◆ What you need to do
If a line in the records below contains "this", copy that line.

(Saved data entries)
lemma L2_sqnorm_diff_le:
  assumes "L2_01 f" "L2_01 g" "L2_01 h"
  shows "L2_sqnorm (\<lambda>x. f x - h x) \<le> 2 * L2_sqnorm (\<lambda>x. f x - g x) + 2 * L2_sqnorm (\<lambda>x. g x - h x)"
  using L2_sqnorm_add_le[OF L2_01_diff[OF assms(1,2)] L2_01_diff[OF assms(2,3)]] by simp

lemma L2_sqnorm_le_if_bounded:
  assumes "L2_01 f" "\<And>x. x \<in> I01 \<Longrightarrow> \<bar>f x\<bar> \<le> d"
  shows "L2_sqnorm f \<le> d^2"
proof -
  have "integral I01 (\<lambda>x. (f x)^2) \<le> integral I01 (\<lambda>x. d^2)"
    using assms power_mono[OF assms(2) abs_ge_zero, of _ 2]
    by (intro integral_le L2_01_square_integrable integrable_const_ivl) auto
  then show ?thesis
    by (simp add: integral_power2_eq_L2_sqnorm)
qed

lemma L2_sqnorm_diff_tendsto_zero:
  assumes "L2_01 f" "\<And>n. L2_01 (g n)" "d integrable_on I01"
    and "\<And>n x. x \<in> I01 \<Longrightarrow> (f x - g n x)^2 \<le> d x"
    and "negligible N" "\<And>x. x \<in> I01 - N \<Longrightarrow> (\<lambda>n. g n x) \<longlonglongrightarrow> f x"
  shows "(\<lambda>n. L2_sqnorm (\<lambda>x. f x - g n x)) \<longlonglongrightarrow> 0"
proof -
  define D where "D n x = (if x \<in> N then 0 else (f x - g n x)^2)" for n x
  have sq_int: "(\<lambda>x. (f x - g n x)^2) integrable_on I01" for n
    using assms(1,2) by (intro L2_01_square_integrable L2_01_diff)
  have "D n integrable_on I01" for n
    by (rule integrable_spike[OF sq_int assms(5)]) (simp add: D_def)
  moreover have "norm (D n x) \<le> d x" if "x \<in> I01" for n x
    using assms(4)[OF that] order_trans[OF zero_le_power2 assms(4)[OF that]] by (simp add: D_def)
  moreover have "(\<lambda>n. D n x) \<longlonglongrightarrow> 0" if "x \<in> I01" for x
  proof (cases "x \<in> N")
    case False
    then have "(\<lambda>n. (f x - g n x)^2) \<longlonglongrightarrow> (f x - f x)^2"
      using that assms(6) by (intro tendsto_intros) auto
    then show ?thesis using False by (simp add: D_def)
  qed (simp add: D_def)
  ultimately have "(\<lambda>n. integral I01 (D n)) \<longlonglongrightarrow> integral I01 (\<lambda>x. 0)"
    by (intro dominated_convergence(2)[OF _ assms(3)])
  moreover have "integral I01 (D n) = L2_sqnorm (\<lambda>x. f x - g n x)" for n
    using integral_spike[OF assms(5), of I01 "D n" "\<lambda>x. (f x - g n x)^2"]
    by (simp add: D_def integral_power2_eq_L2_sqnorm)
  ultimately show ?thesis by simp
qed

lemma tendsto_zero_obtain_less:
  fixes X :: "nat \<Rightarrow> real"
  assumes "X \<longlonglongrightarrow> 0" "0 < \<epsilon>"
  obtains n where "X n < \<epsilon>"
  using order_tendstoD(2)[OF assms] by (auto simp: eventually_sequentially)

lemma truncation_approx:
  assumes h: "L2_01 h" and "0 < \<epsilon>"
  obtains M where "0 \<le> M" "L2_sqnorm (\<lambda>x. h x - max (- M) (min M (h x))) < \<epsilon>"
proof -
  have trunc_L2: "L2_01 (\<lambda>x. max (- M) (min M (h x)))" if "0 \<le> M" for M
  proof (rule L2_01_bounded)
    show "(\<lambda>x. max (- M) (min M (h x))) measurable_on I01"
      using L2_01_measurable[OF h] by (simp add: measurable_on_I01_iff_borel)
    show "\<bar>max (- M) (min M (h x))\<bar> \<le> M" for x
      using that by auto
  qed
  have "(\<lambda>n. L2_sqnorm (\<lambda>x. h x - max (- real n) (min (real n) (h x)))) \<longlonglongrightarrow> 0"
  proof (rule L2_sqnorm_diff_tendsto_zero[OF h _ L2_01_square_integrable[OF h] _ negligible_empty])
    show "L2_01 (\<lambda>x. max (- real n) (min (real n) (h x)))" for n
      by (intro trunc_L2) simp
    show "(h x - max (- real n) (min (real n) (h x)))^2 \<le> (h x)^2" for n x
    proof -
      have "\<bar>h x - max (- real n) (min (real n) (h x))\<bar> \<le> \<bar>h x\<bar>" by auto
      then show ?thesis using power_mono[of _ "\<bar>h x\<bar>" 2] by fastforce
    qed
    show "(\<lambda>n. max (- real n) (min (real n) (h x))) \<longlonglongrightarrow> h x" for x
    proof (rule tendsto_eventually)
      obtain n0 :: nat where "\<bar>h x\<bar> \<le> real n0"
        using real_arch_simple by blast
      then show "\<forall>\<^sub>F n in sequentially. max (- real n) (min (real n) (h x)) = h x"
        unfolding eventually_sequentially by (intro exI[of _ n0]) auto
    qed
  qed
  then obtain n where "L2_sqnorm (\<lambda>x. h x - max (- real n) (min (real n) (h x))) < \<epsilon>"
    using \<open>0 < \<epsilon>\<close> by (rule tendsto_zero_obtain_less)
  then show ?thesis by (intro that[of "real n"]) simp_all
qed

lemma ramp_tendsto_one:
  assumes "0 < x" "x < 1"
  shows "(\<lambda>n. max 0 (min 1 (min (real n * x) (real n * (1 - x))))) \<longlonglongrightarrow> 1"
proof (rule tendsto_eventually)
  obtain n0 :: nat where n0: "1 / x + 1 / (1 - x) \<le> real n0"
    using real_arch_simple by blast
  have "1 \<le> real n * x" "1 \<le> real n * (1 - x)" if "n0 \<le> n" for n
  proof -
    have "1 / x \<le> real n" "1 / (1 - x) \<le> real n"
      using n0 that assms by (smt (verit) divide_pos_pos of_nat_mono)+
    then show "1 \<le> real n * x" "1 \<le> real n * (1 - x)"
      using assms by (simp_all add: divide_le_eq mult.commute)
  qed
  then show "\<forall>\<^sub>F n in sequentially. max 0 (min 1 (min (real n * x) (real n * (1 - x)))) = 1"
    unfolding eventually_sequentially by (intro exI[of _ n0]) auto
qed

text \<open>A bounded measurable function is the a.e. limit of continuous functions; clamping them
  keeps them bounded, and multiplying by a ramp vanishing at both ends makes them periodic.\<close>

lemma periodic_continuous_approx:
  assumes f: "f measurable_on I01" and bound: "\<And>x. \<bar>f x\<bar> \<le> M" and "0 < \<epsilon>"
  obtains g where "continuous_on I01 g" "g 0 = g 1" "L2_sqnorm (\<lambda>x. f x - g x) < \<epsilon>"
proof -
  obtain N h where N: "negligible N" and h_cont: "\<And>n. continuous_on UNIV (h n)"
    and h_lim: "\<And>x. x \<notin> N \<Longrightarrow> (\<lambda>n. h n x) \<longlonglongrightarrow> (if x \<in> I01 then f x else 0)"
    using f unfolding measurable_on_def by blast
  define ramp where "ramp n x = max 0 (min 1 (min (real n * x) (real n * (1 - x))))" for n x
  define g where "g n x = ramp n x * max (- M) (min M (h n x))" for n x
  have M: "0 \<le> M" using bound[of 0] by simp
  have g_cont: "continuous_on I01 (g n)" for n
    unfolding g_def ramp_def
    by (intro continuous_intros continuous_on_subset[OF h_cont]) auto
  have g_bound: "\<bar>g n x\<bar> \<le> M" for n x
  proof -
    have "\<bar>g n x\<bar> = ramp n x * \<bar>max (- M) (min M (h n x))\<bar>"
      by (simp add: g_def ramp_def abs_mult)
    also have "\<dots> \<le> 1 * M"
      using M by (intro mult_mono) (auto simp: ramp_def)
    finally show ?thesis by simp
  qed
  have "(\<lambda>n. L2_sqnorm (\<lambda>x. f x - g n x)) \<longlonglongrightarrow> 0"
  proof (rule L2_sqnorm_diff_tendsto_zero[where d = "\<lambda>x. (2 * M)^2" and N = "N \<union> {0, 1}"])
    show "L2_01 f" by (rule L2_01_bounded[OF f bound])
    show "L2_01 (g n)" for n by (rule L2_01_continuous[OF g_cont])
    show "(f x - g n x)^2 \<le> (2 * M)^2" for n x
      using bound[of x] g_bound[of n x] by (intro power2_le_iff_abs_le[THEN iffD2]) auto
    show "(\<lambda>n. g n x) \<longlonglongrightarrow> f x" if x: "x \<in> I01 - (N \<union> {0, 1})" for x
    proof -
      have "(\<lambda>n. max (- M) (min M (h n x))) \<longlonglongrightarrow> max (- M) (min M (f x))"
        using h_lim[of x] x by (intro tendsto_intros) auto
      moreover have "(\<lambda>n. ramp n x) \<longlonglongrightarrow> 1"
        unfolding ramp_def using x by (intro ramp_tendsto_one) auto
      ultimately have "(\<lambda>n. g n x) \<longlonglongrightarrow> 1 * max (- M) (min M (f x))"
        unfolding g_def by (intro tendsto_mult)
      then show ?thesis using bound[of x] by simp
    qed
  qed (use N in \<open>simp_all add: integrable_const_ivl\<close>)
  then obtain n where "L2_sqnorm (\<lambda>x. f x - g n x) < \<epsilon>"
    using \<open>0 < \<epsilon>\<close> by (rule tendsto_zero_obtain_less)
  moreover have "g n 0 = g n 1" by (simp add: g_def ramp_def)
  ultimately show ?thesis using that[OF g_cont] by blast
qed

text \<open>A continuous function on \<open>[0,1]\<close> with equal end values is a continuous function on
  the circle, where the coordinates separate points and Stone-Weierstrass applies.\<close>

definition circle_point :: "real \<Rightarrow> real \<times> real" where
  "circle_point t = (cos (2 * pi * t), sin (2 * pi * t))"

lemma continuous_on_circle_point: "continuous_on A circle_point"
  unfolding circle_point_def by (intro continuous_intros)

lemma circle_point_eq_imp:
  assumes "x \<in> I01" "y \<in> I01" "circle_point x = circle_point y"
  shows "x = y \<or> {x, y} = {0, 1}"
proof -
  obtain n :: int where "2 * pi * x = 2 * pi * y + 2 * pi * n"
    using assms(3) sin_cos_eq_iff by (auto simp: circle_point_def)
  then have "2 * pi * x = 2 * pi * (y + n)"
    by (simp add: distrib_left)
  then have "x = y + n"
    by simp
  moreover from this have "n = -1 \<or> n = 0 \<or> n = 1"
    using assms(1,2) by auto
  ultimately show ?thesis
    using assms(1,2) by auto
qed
* * *
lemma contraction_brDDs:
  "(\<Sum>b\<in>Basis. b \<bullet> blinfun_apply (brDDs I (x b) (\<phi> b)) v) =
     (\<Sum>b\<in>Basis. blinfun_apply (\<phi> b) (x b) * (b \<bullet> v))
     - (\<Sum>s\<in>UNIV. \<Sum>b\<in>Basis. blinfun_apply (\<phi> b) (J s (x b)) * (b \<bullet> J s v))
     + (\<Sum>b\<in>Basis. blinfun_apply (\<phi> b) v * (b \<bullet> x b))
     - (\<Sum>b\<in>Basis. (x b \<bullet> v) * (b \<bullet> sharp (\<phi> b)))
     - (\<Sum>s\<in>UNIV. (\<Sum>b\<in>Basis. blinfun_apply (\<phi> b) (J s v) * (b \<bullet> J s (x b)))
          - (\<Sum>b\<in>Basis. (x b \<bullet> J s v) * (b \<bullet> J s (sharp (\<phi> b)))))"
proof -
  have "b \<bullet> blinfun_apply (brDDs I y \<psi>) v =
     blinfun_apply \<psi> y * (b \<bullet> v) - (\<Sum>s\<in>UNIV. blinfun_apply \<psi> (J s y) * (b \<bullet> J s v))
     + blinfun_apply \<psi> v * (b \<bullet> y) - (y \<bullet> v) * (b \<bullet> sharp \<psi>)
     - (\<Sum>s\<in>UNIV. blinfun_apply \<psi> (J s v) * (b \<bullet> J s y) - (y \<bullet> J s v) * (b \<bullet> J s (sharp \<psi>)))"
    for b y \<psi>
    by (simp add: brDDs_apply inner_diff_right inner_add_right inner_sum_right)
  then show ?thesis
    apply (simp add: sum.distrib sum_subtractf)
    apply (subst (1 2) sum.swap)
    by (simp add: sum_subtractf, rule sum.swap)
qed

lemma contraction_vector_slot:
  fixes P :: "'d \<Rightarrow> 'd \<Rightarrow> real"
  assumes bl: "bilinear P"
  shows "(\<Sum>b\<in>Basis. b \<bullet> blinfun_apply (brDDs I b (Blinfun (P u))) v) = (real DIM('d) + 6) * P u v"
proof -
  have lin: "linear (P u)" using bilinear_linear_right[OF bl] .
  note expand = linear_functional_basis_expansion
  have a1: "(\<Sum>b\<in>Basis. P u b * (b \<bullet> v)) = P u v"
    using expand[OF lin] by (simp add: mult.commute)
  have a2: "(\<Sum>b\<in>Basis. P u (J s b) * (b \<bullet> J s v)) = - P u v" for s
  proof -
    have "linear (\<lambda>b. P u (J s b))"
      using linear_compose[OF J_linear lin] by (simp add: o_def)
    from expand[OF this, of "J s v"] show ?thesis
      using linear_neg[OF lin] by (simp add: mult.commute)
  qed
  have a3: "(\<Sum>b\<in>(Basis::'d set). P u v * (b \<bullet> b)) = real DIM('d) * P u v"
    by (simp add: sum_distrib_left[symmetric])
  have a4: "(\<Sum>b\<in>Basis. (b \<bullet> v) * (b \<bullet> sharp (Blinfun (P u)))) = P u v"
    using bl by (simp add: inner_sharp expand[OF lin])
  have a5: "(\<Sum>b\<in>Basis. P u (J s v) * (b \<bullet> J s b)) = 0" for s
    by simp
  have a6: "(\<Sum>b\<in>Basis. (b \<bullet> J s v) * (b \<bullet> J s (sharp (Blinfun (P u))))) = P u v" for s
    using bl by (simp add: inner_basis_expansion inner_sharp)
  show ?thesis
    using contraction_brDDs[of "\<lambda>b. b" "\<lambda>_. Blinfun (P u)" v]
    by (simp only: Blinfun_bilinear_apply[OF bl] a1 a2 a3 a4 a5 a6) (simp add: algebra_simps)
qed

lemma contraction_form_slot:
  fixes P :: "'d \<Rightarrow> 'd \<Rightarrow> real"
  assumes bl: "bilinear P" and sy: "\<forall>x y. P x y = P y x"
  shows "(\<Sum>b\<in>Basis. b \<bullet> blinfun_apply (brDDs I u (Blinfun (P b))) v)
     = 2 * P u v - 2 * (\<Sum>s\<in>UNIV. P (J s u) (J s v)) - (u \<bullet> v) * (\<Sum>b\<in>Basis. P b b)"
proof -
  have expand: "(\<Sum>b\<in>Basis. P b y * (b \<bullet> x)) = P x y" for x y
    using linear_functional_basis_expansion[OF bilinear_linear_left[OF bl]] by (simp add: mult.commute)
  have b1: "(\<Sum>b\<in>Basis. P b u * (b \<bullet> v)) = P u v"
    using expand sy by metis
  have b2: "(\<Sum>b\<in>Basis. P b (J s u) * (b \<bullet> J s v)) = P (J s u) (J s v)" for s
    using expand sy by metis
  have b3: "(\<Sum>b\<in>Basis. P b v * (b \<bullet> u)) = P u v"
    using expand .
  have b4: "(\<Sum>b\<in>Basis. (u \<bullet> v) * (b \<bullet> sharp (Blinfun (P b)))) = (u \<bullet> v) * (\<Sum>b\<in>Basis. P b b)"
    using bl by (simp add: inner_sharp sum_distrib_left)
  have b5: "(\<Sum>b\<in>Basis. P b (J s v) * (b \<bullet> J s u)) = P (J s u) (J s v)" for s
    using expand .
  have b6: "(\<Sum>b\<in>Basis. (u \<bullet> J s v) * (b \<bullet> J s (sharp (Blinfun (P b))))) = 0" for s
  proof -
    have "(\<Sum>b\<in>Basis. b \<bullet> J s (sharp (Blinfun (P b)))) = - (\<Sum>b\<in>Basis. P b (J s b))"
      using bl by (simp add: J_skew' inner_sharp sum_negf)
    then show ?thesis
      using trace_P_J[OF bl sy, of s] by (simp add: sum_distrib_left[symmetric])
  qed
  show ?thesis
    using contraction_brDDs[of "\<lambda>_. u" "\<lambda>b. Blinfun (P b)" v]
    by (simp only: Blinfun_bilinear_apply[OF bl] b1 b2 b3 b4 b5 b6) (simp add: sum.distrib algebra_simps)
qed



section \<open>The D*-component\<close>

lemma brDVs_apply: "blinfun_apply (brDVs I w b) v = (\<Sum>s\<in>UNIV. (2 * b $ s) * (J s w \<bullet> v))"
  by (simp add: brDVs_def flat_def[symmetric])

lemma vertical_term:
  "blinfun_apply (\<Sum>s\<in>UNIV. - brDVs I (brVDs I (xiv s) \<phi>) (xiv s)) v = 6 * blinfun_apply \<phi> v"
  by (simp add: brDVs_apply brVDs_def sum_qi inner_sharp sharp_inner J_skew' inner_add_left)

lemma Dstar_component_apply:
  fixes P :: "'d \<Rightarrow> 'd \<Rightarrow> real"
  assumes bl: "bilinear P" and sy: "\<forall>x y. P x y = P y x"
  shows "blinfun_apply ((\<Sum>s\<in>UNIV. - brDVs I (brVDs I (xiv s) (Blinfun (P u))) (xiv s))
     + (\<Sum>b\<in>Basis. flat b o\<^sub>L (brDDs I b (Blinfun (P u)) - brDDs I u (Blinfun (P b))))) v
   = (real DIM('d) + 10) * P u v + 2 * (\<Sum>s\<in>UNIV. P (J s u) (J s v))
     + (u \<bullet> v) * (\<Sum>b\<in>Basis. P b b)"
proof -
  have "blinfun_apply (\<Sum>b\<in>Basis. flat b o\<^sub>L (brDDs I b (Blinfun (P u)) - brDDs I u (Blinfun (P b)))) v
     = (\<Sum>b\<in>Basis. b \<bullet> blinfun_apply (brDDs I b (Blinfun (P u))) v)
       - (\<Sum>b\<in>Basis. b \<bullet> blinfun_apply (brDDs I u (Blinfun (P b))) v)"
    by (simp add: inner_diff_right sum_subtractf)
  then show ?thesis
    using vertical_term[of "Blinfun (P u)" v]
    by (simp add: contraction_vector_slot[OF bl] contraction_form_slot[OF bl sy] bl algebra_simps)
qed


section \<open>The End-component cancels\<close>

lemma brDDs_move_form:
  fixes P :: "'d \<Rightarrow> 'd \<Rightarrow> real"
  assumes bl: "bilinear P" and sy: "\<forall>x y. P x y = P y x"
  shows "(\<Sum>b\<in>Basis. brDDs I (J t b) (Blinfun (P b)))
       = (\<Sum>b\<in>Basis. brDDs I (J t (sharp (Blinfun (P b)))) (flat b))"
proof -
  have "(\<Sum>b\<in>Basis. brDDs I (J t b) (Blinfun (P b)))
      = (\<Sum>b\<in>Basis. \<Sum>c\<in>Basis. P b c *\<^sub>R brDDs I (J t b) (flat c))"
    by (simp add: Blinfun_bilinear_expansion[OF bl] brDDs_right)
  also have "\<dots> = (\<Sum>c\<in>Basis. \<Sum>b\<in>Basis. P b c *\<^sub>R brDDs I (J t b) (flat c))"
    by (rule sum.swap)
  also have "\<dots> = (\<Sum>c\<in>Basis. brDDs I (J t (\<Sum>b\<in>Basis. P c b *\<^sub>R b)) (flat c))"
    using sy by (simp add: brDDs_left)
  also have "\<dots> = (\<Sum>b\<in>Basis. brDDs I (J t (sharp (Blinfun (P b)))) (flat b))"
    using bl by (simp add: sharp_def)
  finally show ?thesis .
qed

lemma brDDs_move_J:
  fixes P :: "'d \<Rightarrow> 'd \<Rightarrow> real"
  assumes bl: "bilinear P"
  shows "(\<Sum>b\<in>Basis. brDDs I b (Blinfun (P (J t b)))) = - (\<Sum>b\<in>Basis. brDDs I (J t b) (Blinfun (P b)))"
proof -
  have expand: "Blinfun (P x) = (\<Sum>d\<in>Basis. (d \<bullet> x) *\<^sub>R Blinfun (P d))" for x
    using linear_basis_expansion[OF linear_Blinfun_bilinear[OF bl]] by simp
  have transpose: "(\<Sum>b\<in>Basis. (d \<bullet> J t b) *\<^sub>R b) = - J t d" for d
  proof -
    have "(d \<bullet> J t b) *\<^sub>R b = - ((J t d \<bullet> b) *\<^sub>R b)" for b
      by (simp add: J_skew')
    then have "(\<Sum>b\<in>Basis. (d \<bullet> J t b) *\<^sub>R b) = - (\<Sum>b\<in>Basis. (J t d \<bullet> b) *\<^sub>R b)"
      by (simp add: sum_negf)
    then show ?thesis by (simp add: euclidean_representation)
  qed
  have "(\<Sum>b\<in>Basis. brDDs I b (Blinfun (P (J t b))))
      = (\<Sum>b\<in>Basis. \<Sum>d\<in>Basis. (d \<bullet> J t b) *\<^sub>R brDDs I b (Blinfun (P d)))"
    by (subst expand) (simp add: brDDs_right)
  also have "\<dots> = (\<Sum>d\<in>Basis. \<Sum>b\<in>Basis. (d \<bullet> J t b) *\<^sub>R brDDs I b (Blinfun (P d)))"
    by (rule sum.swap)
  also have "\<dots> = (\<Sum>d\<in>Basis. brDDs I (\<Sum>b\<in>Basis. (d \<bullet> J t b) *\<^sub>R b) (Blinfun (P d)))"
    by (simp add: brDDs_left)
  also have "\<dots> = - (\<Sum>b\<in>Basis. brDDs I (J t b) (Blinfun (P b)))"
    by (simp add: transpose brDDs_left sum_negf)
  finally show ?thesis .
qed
==
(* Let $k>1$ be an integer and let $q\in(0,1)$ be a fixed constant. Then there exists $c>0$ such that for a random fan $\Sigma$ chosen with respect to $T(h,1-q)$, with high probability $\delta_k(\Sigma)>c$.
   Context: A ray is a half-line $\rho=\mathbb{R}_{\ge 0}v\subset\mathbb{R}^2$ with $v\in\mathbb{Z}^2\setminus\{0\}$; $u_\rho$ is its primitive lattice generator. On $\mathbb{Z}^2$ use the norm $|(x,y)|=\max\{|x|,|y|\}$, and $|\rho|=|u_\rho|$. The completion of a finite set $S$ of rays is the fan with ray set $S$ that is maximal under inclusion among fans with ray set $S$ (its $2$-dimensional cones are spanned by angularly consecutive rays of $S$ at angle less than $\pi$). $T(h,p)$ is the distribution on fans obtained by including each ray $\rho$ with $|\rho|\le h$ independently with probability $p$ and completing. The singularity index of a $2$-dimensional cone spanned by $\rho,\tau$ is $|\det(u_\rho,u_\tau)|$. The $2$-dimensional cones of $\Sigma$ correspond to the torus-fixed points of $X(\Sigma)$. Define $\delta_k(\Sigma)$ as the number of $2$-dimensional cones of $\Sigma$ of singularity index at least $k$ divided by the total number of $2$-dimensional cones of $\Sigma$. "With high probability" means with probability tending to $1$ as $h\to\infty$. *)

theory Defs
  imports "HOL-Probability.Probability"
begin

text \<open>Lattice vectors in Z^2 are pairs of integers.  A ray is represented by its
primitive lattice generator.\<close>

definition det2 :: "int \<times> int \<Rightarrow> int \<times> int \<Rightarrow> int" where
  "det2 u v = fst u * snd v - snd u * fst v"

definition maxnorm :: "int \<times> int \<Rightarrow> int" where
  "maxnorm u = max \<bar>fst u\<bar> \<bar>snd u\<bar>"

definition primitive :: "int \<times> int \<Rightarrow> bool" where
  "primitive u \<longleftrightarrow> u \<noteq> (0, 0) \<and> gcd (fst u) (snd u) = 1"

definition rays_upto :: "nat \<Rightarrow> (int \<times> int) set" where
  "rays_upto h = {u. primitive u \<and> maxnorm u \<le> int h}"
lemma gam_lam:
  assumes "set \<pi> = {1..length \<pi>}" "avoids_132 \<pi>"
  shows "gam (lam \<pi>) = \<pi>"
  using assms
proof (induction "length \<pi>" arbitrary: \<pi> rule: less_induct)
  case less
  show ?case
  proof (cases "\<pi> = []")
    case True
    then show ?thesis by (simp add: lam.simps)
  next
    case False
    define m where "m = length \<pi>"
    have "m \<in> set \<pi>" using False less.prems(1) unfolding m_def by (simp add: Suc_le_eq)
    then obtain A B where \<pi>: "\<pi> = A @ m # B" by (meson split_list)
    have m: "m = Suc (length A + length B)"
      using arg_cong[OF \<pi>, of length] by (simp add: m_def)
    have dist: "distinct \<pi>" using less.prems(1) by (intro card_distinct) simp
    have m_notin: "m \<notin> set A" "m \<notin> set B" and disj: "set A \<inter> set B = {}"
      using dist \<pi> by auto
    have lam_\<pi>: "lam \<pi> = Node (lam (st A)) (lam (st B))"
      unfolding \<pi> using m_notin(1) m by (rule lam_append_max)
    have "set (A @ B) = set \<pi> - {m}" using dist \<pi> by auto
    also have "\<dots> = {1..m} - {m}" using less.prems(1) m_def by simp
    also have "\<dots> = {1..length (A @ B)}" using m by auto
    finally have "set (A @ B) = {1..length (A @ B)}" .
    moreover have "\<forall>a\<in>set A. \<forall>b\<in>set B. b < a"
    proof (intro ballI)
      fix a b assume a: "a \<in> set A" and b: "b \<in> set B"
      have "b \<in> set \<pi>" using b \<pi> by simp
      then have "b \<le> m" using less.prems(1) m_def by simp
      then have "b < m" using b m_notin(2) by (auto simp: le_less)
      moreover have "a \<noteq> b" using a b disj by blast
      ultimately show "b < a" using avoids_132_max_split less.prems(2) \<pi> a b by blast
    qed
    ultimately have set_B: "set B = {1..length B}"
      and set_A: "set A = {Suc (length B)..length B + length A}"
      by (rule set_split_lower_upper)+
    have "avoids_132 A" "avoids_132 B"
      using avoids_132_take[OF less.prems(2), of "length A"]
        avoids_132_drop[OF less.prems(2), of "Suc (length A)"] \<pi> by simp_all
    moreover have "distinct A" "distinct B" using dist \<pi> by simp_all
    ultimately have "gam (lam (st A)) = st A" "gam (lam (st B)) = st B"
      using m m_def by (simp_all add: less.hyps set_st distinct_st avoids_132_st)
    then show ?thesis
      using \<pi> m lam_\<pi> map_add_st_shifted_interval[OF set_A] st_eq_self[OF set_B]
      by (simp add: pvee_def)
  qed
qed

◆ Problem solution
  moreover from this have "n = -1 \<or> n = 0 \<or> n = 1"
    from expand[OF this, of "J s v"] show ?thesis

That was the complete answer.